What you have to do ▸
Every record must be repeated precisely as it stands.

Given data ▸
========

(* For every pair of integers $r\ge 3$ and $t\ge 2$, with $s=\lfloor (t-1)/2\rfloor$, there exists a binary $(n,k,r,t)_{\mathrm{seq}}$ code whose rate satisfies $$\frac{k}{n}=\frac{r^{s+1}}{r^{s+1}+2\sum_{i=0}^{s}r^i}\ \text{ if $t$ is even},\qquad \frac{k}{n}=\frac{r^{s+1}}{r^{s+1}+2\sum_{i=1}^{s}r^i+1}\ \text{ if $t$ is odd}.$$
   Context: A binary code is a linear code over $\mathbb{F}_2$. Sequential-recovery LRC: an $(n,k,r,t)_{\mathrm{seq}}$ code is an $[n,k]$ linear code $\mathcal{C}\subseteq\mathbb{F}_q^n$ such that for every $E\subseteq[n]$ with $1\le|E|=u\le t$ there is an ordering $\ell_1,\dots,\ell_u$ of $E$ and sets $R_j\subseteq[n]$, $|R_j|\le r$, $R_j\cap\{\ell_j,\dots,\ell_u\}=\emptyset$, with coefficients $a_{j,i}\in\mathbb{F}_q$ such that $c_{\ell_j}=\sum_{i\in R_j}a_{j,i}c_i$ for all $c\in\mathcal{C}$, $j\in[u]$. *)

theory Defs
  imports Main "HOL-Library.Z2" Complex_Main
begin

instance bit :: finite
proof
  have "UNIV = {0::bit, 1}" by (auto intro: bit.exhaust)
  then show "finite (UNIV :: bit set)" by (metis finite.emptyI finite.insertI)
qed

text \<open>Words of length n over a field 'a are functions nat => 'a vanishing outside {0..<n};
  coordinate positions are 0..<n (the paper's [n]).\<close>

definition words :: "nat \<Rightarrow> (nat \<Rightarrow> 'a::zero) set" where
  "words n = {c. \<forall>i. n \<le> i \<longrightarrow> c i = 0}"

definition linear_code :: "nat \<Rightarrow> (nat \<Rightarrow> 'a::field) set \<Rightarrow> bool" where
  "linear_code n C \<longleftrightarrow> C \<subseteq> words n \<and> (\<lambda>_. 0) \<in> C
     \<and> (\<forall>c\<in>C. \<forall>d\<in>C. (\<lambda>i. c i + d i) \<in> C)
     \<and> (\<forall>a. \<forall>c\<in>C. (\<lambda>i. a * c i) \<in> C)"

text \<open>An [n,k] linear code over a finite field F_q: a subspace of dimension k,
  i.e. a subspace with exactly q^k codewords.\<close>
definition nk_code :: "nat \<Rightarrow> nat \<Rightarrow> (nat \<Rightarrow> 'a::{field,finite}) set \<Rightarrow> bool" where
  "nk_code n k C \<longleftrightarrow> linear_code n C \<and> card C = card (UNIV :: 'a set) ^ k"

definition seq_LRC :: "nat \<Rightarrow> nat \<Rightarrow> nat \<Rightarrow> nat \<Rightarrow> (nat \<Rightarrow> 'a::{field,finite}) set \<Rightarrow> bool" where
  "seq_LRC n k r t C \<longleftrightarrow> nk_code n k C \<and>
     (\<forall>E. E \<subseteq> {0..<n} \<and> 1 \<le> card E \<and> card E \<le> t \<longrightarrow>
        (\<exists>ls. distinct ls \<and> set ls = E \<and>
           (\<forall>j < length ls. \<exists>R a. R \<subseteq> {0..<n} \<and> card R \<le> r \<and>
               R \<inter> set (drop j ls) = {} \<and>
               (\<forall>c\<in>C. c (ls ! j) = (\<Sum>i\<in>R. a i * c i)))))"

end

theory Submission
  imports Defs "HOL-Library.FuncSet" "HOL-Library.Nat_Bijection" "HOL-Library.Countable"
begin

text \<open>
  The code lives on a graph in which every vertex carries r + 1 darts and some edges are
  semi-edges with a single end. The coordinates are the edges, and every vertex requires the
  labels of its r + 1 edges to sum to zero. One edge at each vertex is computed from the others,
  so a graph with V vertices and P semi-edges gives 2k = (r - 1) V + P and 2n = (r + 1) V + P.

  An erasure pattern of at most t edges can be repaired one edge at a time. Otherwise every end
  of an erased edge meets another erased edge at its vertex, and following erased edges produces
  either a cycle or a walk joining two semi-edges; large girth and a large distance between
  semi-edges make either one longer than t.

  Suitable small graphs come from r-ary trees of depth s: two copies joined at their leaves when
  t is even, r + 1 copies sharing their leaves when t is odd; the semi-edges sit at the roots.
  Their girth is then raised by iterated voltage covers, which preserve the local structure,
  the distance between semi-edges and the ratio P : V, hence the rate.
\<close>

section \<open>Codes\<close>

lemma card_vanishing_outside:
  assumes "finite A"
  shows "card {f :: 'a \<Rightarrow> 'b::{zero,finite}. \<forall>x. x \<notin> A \<longrightarrow> f x = 0} = card (UNIV :: 'b set) ^ card A"
proof -
  let ?V = "{f :: 'a \<Rightarrow> 'b. \<forall>x. x \<notin> A \<longrightarrow> f x = 0}"
  have "bij_betw (\<lambda>f. restrict f A) ?V (PiE A (\<lambda>_. UNIV))"
  proof (rule bij_betw_byWitness[where f' = "\<lambda>g x. if x \<in> A then g x else 0"])
    show "\<forall>f\<in>?V. (\<lambda>x. if x \<in> A then restrict f A x else 0) = f"
      by (auto simp: fun_eq_iff)
    show "\<forall>g\<in>PiE A (\<lambda>_. UNIV). restrict (\<lambda>x. if x \<in> A then g x else 0) A = g"
      by (auto simp: fun_eq_iff PiE_def extensional_def)
  qed auto
  then have "card ?V = card (PiE A (\<lambda>_. UNIV :: 'b set))"
    by (rule bij_betw_same_card)
  then show ?thesis
    using assms by (simp add: card_PiE)
qed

========

Task result ▸
(* For every pair of integers $r\ge 3$ and $t\ge 2$, with $s=\lfloor (t-1)/2\rfloor$, there exists a binary $(n,k,r,t)_{\mathrm{seq}}$ code whose rate satisfies $$\frac{k}{n}=\frac{r^{s+1}}{r^{s+1}+2\sum_{i=0}^{s}r^i}\ \text{ if $t$ is even},\qquad \frac{k}{n}=\frac{r^{s+1}}{r^{s+1}+2\sum_{i=1}^{s}r^i+1}\ \text{ if $t$ is odd}.$$
   Context: A binary code is a linear code over $\mathbb{F}_2$. Sequential-recovery LRC: an $(n,k,r,t)_{\mathrm{seq}}$ code is an $[n,k]$ linear code $\mathcal{C}\subseteq\mathbb{F}_q^n$ such that for every $E\subseteq[n]$ with $1\le|E|=u\le t$ there is an ordering $\ell_1,\dots,\ell_u$ of $E$ and sets $R_j\subseteq[n]$, $|R_j|\le r$, $R_j\cap\{\ell_j,\dots,\ell_u\}=\emptyset$, with coefficients $a_{j,i}\in\mathbb{F}_q$ such that $c_{\ell_j}=\sum_{i\in R_j}a_{j,i}c_i$ for all $c\in\mathcal{C}$, $j\in[u]$. *)

theory Defs
  imports Main "HOL-Library.Z2" Complex_Main
begin

instance bit :: finite
proof
  have "UNIV = {0::bit, 1}" by (auto intro: bit.exhaust)
  then show "finite (UNIV :: bit set)" by (metis finite.emptyI finite.insertI)
qed

text \<open>Words of length n over a field 'a are functions nat => 'a vanishing outside {0..<n};
  coordinate positions are 0..<n (the paper's [n]).\<close>

definition words :: "nat \<Rightarrow> (nat \<Rightarrow> 'a::zero) set" where
  "words n = {c. \<forall>i. n \<le> i \<longrightarrow> c i = 0}"

definition linear_code :: "nat \<Rightarrow> (nat \<Rightarrow> 'a::field) set \<Rightarrow> bool" where
  "linear_code n C \<longleftrightarrow> C \<subseteq> words n \<and> (\<lambda>_. 0) \<in> C
     \<and> (\<forall>c\<in>C. \<forall>d\<in>C. (\<lambda>i. c i + d i) \<in> C)
     \<and> (\<forall>a. \<forall>c\<in>C. (\<lambda>i. a * c i) \<in> C)"

text \<open>An [n,k] linear code over a finite field F_q: a subspace of dimension k,
  i.e. a subspace with exactly q^k codewords.\<close>
definition nk_code :: "nat \<Rightarrow> nat \<Rightarrow> (nat \<Rightarrow> 'a::{field,finite}) set \<Rightarrow> bool" where
  "nk_code n k C \<longleftrightarrow> linear_code n C \<and> card C = card (UNIV :: 'a set) ^ k"

definition seq_LRC :: "nat \<Rightarrow> nat \<Rightarrow> nat \<Rightarrow> nat \<Rightarrow> (nat \<Rightarrow> 'a::{field,finite}) set \<Rightarrow> bool" where
  "seq_LRC n k r t C \<longleftrightarrow> nk_code n k C \<and>
     (\<forall>E. E \<subseteq> {0..<n} \<and> 1 \<le> card E \<and> card E \<le> t \<longrightarrow>
        (\<exists>ls. distinct ls \<and> set ls = E \<and>
           (\<forall>j < length ls. \<exists>R a. R \<subseteq> {0..<n} \<and> card R \<le> r \<and>
               R \<inter> set (drop j ls) = {} \<and>
               (\<forall>c\<in>C. c (ls ! j) = (\<Sum>i\<in>R. a i * c i)))))"

end

theory Submission
  imports Defs "HOL-Library.FuncSet" "HOL-Library.Nat_Bijection" "HOL-Library.Countable"
begin

text \<open>
  The code lives on a graph in which every vertex carries r + 1 darts and some edges are
  semi-edges with a single end. The coordinates are the edges, and every vertex requires the
  labels of its r + 1 edges to sum to zero. One edge at each vertex is computed from the others,
  so a graph with V vertices and P semi-edges gives 2k = (r - 1) V + P and 2n = (r + 1) V + P.

  An erasure pattern of at most t edges can be repaired one edge at a time. Otherwise every end
  of an erased edge meets another erased edge at its vertex, and following erased edges produces
  either a cycle or a walk joining two semi-edges; large girth and a large distance between
  semi-edges make either one longer than t.

  Suitable small graphs come from r-ary trees of depth s: two copies joined at their leaves when
  t is even, r + 1 copies sharing their leaves when t is odd; the semi-edges sit at the roots.
  Their girth is then raised by iterated voltage covers, which preserve the local structure,
  the distance between semi-edges and the ratio P : V, hence the rate.
\<close>

section \<open>Codes\<close>

lemma card_vanishing_outside:
  assumes "finite A"
  shows "card {f :: 'a \<Rightarrow> 'b::{zero,finite}. \<forall>x. x \<notin> A \<longrightarrow> f x = 0} = card (UNIV :: 'b set) ^ card A"
proof -
  let ?V = "{f :: 'a \<Rightarrow> 'b. \<forall>x. x \<notin> A \<longrightarrow> f x = 0}"
  have "bij_betw (\<lambda>f. restrict f A) ?V (PiE A (\<lambda>_. UNIV))"
  proof (rule bij_betw_byWitness[where f' = "\<lambda>g x. if x \<in> A then g x else 0"])
    show "\<forall>f\<in>?V. (\<lambda>x. if x \<in> A then restrict f A x else 0) = f"
      by (auto simp: fun_eq_iff)
    show "\<forall>g\<in>PiE A (\<lambda>_. UNIV). restrict (\<lambda>x. if x \<in> A then g x else 0) A = g"
      by (auto simp: fun_eq_iff PiE_def extensional_def)
  qed auto
  then have "card ?V = card (PiE A (\<lambda>_. UNIV :: 'b set))"
    by (rule bij_betw_same_card)
  then show ?thesis
    using assms by (simp add: card_PiE)
qed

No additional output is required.